**INPUT DATA:**
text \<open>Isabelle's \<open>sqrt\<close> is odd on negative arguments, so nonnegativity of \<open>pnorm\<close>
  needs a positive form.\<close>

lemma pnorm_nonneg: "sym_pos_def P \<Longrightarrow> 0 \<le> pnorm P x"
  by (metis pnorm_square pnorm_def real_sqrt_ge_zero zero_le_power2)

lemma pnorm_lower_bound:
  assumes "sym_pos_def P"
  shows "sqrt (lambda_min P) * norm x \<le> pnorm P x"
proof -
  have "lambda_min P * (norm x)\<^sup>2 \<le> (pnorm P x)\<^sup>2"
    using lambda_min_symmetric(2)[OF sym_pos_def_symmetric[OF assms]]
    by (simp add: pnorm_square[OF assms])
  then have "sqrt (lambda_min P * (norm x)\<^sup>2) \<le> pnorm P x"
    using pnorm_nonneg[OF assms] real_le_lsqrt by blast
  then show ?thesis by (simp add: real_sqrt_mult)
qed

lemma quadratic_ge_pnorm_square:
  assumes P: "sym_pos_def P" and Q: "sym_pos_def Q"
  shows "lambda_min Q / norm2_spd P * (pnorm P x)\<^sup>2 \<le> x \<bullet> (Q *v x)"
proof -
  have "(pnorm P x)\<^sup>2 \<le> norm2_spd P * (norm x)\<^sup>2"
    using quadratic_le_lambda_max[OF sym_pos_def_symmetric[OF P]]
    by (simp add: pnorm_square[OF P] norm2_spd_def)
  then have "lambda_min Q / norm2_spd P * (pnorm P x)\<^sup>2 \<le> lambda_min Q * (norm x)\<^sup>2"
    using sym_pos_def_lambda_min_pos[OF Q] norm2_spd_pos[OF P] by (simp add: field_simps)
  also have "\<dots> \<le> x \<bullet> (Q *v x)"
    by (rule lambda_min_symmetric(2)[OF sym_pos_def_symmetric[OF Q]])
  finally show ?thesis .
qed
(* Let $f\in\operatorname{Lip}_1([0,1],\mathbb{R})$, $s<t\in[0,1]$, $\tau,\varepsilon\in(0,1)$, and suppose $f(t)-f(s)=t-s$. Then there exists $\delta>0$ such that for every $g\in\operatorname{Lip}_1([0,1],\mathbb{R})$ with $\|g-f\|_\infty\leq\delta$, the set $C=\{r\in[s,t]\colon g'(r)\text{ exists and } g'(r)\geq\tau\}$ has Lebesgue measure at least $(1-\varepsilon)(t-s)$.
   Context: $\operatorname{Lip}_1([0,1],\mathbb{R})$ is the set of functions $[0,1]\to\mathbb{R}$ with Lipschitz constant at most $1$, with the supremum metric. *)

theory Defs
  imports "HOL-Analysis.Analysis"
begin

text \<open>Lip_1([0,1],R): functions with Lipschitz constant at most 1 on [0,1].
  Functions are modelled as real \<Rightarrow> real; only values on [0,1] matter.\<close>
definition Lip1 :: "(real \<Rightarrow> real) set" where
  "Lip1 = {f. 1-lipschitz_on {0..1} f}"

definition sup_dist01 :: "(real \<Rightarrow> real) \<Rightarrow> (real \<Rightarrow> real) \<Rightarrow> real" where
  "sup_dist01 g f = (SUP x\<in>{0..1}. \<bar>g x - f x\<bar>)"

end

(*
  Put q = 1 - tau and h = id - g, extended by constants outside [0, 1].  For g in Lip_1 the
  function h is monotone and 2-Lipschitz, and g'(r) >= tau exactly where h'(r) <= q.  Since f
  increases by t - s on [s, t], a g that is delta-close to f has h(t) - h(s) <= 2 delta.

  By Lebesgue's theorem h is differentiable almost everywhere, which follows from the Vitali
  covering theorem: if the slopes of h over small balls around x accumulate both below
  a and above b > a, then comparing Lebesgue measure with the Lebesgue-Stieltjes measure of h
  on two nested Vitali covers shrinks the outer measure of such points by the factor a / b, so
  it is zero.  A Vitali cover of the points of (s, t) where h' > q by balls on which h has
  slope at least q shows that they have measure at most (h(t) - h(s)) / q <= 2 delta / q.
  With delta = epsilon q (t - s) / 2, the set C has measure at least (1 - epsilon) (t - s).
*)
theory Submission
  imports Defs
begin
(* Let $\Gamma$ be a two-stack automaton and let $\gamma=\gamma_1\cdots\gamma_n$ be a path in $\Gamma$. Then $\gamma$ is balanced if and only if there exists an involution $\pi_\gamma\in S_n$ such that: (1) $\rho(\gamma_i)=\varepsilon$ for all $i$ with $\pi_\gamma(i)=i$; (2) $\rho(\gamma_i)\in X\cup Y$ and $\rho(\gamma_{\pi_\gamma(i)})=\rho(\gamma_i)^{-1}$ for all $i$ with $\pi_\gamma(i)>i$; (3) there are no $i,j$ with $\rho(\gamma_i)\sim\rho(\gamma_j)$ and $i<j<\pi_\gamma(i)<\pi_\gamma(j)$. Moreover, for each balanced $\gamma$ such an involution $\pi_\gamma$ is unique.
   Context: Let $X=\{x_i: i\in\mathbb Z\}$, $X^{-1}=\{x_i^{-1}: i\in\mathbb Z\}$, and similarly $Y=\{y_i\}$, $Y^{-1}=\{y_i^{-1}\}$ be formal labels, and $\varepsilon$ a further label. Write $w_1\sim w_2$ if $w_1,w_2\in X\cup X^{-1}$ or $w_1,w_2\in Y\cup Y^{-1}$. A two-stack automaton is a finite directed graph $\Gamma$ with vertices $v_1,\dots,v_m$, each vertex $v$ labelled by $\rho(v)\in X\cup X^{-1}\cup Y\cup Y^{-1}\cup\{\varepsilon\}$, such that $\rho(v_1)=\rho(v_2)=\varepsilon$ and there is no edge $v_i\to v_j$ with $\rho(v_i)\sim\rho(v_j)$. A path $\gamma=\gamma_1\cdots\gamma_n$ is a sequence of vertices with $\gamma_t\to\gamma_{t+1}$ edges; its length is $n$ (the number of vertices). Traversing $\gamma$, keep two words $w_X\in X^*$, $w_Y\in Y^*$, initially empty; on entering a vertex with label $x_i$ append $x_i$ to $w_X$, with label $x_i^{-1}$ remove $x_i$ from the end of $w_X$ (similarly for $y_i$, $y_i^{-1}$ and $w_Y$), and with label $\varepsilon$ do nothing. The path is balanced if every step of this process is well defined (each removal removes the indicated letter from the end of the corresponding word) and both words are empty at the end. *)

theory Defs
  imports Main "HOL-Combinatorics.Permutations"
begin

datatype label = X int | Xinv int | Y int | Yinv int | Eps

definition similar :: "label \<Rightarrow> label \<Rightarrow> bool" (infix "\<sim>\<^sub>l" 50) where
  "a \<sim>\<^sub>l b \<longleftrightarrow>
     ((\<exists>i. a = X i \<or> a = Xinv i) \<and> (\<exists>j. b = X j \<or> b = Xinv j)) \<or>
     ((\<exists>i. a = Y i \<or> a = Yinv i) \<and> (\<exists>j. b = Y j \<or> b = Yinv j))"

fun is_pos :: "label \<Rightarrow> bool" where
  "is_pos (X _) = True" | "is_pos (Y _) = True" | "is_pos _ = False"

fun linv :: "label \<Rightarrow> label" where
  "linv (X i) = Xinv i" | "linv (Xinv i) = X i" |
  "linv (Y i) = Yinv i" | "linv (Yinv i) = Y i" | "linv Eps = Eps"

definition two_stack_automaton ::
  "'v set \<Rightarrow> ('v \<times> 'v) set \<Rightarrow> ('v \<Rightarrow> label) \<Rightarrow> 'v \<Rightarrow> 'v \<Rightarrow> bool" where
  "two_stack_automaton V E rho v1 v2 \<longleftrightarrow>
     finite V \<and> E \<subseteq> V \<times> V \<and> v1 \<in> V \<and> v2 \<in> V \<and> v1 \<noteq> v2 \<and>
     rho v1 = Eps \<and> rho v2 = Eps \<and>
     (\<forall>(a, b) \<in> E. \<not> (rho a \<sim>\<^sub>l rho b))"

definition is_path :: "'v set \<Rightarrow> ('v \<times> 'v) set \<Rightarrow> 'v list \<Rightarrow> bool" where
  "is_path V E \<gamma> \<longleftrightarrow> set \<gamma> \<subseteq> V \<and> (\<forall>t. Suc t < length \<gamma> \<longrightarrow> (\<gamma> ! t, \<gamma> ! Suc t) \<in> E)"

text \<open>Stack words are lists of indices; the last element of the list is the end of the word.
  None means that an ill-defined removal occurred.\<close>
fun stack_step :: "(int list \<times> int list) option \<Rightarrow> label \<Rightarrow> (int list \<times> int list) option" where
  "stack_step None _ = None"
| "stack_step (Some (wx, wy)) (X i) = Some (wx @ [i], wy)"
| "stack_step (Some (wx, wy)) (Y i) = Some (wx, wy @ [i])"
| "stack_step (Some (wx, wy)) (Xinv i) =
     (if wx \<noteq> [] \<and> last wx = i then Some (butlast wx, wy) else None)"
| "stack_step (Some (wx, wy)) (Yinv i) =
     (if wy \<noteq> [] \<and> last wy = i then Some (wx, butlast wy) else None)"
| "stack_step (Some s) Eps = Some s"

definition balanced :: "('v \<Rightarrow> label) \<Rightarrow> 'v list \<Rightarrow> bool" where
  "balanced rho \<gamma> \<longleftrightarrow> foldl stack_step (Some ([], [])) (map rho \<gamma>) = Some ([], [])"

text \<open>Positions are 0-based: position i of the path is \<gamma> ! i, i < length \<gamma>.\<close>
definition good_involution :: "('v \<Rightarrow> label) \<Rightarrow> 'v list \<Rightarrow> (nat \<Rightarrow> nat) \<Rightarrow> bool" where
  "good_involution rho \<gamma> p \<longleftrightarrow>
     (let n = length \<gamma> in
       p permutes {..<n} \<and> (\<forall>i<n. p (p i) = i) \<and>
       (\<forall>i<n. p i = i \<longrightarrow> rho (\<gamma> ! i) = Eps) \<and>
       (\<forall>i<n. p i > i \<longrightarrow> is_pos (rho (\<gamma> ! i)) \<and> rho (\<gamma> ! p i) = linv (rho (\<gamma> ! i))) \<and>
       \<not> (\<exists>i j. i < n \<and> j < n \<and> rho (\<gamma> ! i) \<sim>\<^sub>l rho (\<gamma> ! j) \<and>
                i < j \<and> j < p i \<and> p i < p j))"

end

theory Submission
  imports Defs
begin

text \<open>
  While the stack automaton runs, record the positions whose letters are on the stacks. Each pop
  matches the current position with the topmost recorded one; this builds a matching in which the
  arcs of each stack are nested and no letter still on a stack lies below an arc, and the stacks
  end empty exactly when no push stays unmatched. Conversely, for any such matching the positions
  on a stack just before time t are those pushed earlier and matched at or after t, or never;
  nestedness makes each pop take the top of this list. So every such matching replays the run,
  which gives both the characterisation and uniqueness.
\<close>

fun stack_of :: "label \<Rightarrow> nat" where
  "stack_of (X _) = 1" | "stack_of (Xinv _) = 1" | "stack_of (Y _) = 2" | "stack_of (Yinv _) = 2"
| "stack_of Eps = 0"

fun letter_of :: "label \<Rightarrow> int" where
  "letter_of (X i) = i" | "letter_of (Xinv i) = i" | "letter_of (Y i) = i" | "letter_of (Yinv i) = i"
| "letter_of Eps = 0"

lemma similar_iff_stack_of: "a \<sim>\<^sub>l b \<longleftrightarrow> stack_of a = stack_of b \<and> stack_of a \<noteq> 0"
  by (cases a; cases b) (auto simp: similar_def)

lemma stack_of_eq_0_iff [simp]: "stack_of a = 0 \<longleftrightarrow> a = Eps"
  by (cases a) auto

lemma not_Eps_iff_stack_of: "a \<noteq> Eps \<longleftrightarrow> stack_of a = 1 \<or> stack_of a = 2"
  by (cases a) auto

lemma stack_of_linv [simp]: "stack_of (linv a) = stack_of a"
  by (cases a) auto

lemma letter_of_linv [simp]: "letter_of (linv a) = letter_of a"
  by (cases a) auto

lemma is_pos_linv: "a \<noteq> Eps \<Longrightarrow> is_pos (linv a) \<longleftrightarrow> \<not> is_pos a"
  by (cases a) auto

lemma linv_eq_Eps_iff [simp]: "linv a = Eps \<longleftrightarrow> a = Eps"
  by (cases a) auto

**PROMPT:** For each line above that includes "open", copy the line.

**SOLVED EXERCISE:**
text \<open>Isabelle's \<open>sqrt\<close> is odd on negative arguments, so nonnegativity of \<open>pnorm\<close>
text \<open>Lip_1([0,1],R): functions with Lipschitz constant at most 1 on [0,1].
text \<open>Stack words are lists of indices; the last element of the list is the end of the word.
text \<open>Positions are 0-based: position i of the path is \<gamma> ! i, i < length \<gamma>.\<close>
text \<open>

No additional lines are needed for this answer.